I bought travel-sized toothpaste and a collapsible cup, sunglasses and two $7 sweatshirts, maroon and black. Hand had a large column of deodorant and we were at the cash register, waiting for the girls and watching the woman ahead of us assemble a small stack of coupons on the counter. Each coupon had been cut with care and the woman, tiny but with a wide purple burn scar on her thin fragile neck, had them all bundled within a wide plastic clip intended to keep chips fresh.

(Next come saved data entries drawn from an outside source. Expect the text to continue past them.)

lemma has_integral_indicator_diff_mult_real_trig_poly_eq_0:
  fixes t :: "real \<Rightarrow> real"
  assumes "closed E" "closed F" "trig_poly N (\<lambda>\<theta>. of_real (t \<theta>))"
    and "\<And>n. \<bar>n\<bar> \<le> int N \<Longrightarrow> fourier_indicator E n = fourier_indicator F n"
  shows "((\<lambda>\<theta>. (indicator E (cis \<theta>) - indicator F (cis \<theta>)) * t \<theta>) has_integral 0) {0..2 * pi}"
proof -
  have "((\<lambda>\<theta>. Re ((indicator E (cis \<theta>) - indicator F (cis \<theta>)) * of_real (t \<theta>))) has_integral Re 0)
      {0..2 * pi}"
    using has_integral_indicator_diff_mult_trig_poly_eq_0[OF assms] by (rule has_integral_Re)
  moreover have "Re ((indicator E (cis \<theta>) - indicator F (cis \<theta>)) * of_real (t \<theta>)) =
      (indicator E (cis \<theta>) - indicator F (cis \<theta>)) * t \<theta>" for \<theta>
    by (cases "cis \<theta> \<in> E"; cases "cis \<theta> \<in> F") simp_all
  ultimately show ?thesis by (simp only: zero_complex.sel)
qed

lemma integral_pos_if_continuous_pos_on_open:
  fixes f :: "real \<Rightarrow> real"
  assumes "f integrable_on {a..b}" "\<forall>x\<in>{a..b}. 0 \<le> f x"
    and "open U" "x\<^sub>0 \<in> U" "a \<le> x\<^sub>0" "x\<^sub>0 < b" "continuous_on U f" "\<forall>x\<in>U. 0 < f x"
  shows "0 < integral {a..b} f"
proof -
  obtain \<delta> where "\<delta> > 0" "ball x\<^sub>0 \<delta> \<subseteq> U" using assms(3,4) by (meson open_contains_ball)
  define d where "d = min (x\<^sub>0 + \<delta> / 2) b"
  have "x\<^sub>0 < d" using \<open>\<delta> > 0\<close> assms(6) by (simp add: d_def)
  have "{x\<^sub>0..d} \<subseteq> ball x\<^sub>0 \<delta>" using \<open>\<delta> > 0\<close> by (auto simp: d_def dist_real_def abs_if)
  with \<open>ball x\<^sub>0 \<delta> \<subseteq> U\<close> have sub_U: "{x\<^sub>0..d} \<subseteq> U" by blast
  have sub_ab: "{x\<^sub>0..d} \<subseteq> {a..b}" using assms(5) by (auto simp: d_def)
  obtain y where y: "y \<in> {x\<^sub>0..d}" "\<And>x. x \<in> {x\<^sub>0..d} \<Longrightarrow> f y \<le> f x"
    using continuous_attains_inf[of "{x\<^sub>0..d}" f] \<open>x\<^sub>0 < d\<close> continuous_on_subset[OF assms(7) sub_U]
    by auto
  have "0 < f y" using y(1) sub_U assms(8) by blast
  then have "0 < (d - x\<^sub>0) * f y" using \<open>x\<^sub>0 < d\<close> by simp
  also have "\<dots> = integral {x\<^sub>0..d} (\<lambda>_. f y)" using \<open>x\<^sub>0 < d\<close> by simp
  also have "\<dots> \<le> integral {x\<^sub>0..d} f"
    using y integrable_on_subinterval[OF assms(1) sub_ab] by (intro integral_le) auto
  also have "\<dots> \<le> integral {a..b} f"
    using sub_ab assms(1,2) integrable_on_subinterval[OF assms(1) sub_ab] by (intro integral_subset_le) auto
  finally show ?thesis .
qed

lemma subset_if_fourier_indicator_eq:
  assumes E: "union_of_disjoint_arcs N E" and "closed F"
    and coeff: "\<And>n. \<bar>n\<bar> \<le> int N \<Longrightarrow> fourier_indicator E n = fourier_indicator F n"
  shows "E \<subseteq> F"
proof
  fix x assume "x \<in> E"
  obtain a b where E_eq: "E = (\<Union>i<N. cis ` {a i..b i})"
    and ab: "\<And>i. i < N \<Longrightarrow> a i < b i \<and> b i - a i < 2 * pi"
    and disj: "\<And>i j. i < N \<Longrightarrow> j < N \<Longrightarrow> i \<noteq> j \<Longrightarrow> cis ` {a i..b i} \<inter> cis ` {a j..b j} = {}"
    using union_of_disjoint_arcsE[OF E] by blast
  obtain T :: "complex \<Rightarrow> real" where T_cont: "continuous_on UNIV T"
    and T_poly: "trig_poly N (\<lambda>\<theta>. of_real (T (cis \<theta>)))"
    and T_sign: "\<And>\<theta>. T (cis \<theta>) \<le> 0 \<longleftrightarrow> cis \<theta> \<in> (\<Union>i<N. cis ` {a i..b i})"
    and T_neg: "\<And>i \<theta>. i < N \<Longrightarrow> \<theta> \<in> {a i<..<b i} \<Longrightarrow> T (cis \<theta>) < 0"
    using trig_poly_sign_of_arcs[of N a b, OF ab disj] by blast
  note T_sign = T_sign[folded E_eq]
  define P where "P \<theta> = (indicator F (cis \<theta>) - indicator E (cis \<theta>)) * T (cis \<theta>)" for \<theta>
  have P_nonneg: "0 \<le> P \<theta>" for \<theta>
    using T_sign[of \<theta>] by (auto simp: P_def indicator_def mult_nonpos_nonpos)
  have "closed E" using E by (intro compact_imp_closed compact_union_of_disjoint_arcs)
  from \<open>closed F\<close> this T_poly coeff[symmetric] have P_integral: "(P has_integral 0) {0..2 * pi}"
    unfolding P_def by (rule has_integral_indicator_diff_mult_real_trig_poly_eq_0)
  show "x \<in> F"
  proof (rule ccontr)
    assume "x \<notin> F"
    obtain j \<theta>\<^sub>1 where j: "j < N" "\<theta>\<^sub>1 \<in> {a j..b j}" "x = cis \<theta>\<^sub>1" using \<open>x \<in> E\<close> E_eq by auto
    obtain \<theta>\<^sub>2 where \<theta>\<^sub>2: "\<theta>\<^sub>2 \<in> {a j<..<b j}" "cis \<theta>\<^sub>2 \<notin> F"
      using arc_interior_point_outside_closed[OF \<open>closed F\<close> _ j(2)] ab[OF j(1)] j(3) \<open>x \<notin> F\<close> by blast
    define \<theta>\<^sub>0 where "\<theta>\<^sub>0 = Arg2pi (cis \<theta>\<^sub>2)"
    have "cis \<theta>\<^sub>0 = cis \<theta>\<^sub>2" by (simp add: \<theta>\<^sub>0_def cis_Arg2pi)
    define U where "U = cis -` ({z. T z < 0} - F)"
    have "open U" unfolding U_def using T_cont \<open>closed F\<close>
      by (intro open_vimage open_Diff open_Collect_less continuous_on_cis continuous_on_id) auto
    have "\<theta>\<^sub>0 \<in> U" using T_neg[OF j(1) \<theta>\<^sub>2(1)] \<theta>\<^sub>2(2) \<open>cis \<theta>\<^sub>0 = cis \<theta>\<^sub>2\<close> by (simp add: U_def)
    have P_U: "P \<theta> = - T (cis \<theta>)" if "\<theta> \<in> U" for \<theta>
      using that T_sign[of \<theta>] by (simp add: U_def P_def)
    have "continuous_on U (\<lambda>\<theta>. - T (cis \<theta>))"
      by (intro continuous_on_minus continuous_on_compose2[OF T_cont] continuous_on_cis continuous_on_id) auto
    then have "continuous_on U P" using P_U by (simp cong: continuous_on_cong)
    moreover have "\<forall>\<theta>\<in>U. 0 < P \<theta>" using P_U by (simp add: U_def)
    ultimately have "0 < integral {0..2 * pi} P"
      using P_integral P_nonneg \<open>open U\<close> \<open>\<theta>\<^sub>0 \<in> U\<close> Arg2pi_ge_0 Arg2pi_lt_2pi
      by (intro integral_pos_if_continuous_pos_on_open[of _ _ _ U \<theta>\<^sub>0]) (auto simp: \<theta>\<^sub>0_def)
    with P_integral show False by (simp add: integral_unique)
  qed
qed

theorem corollary5p3:
  fixes N :: nat and E F :: "complex set"
  assumes "N > 0"
    and "union_of_disjoint_arcs N E"
    and "union_of_disjoint_arcs N F"
    and "\<forall>n::int. 0 \<le> n \<and> n \<le> int N \<longrightarrow> fourier_indicator E n = fourier_indicator F n"
  shows "E = F"
proof -
  have coeff: "fourier_indicator E n = fourier_indicator F n" if "\<bar>n\<bar> \<le> int N" for n
  proof (cases "0 \<le> n")
    case True
    with assms(4) that show ?thesis by simp
  next
    case False
    with assms(4) that have "fourier_indicator E (- n) = fourier_indicator F (- n)" by simp
    then show ?thesis using fourier_indicator_uminus[of _ "- n"] by simp
  qed
  have "closed E" "closed F"
    using assms(2,3) by (auto intro: compact_imp_closed compact_union_of_disjoint_arcs)
  show ?thesis
  proof
    show "E \<subseteq> F" using assms(2) \<open>closed F\<close> coeff by (rule subset_if_fourier_indicator_eq)
    show "F \<subseteq> E" using assms(3) \<open>closed E\<close> coeff[symmetric] by (rule subset_if_fourier_indicator_eq)
  qed
qed

end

I hated coupons. The need for coupons. I wanted to pay this woman's difference. Two dollars she'd save and I wanted to give it to her so she could spend her time some other better way. What better way? I have no idea. Maybe she likes cutting coupons? She does not. Since I got a little money, this was a constant struggle, the frustration with people and their coupons, people and their dirty clothes, families from El Salvador living in the basement of the church around the corner – I passed them every morning, waiting at the bus stop with their daughter, on her way to school, in her white shirt, plaid skirt – and my urge to buy things for them, even just their food, and my inability, due to the imagined and impossible barrier between myself and these strangers with fumbling hands, to engage them and fix things. I never wanted a balance in a bank account, felt so much more comfortable living on the equator just above and below a zero balance, and I thought I could get rid of it some way, some way involving the coupon woman here at the Walgreen's, and the coupons, but the distance seemed limitless and deadly, I was not outgoing in this way, could bridge nothing like this, and the situation just about killed me.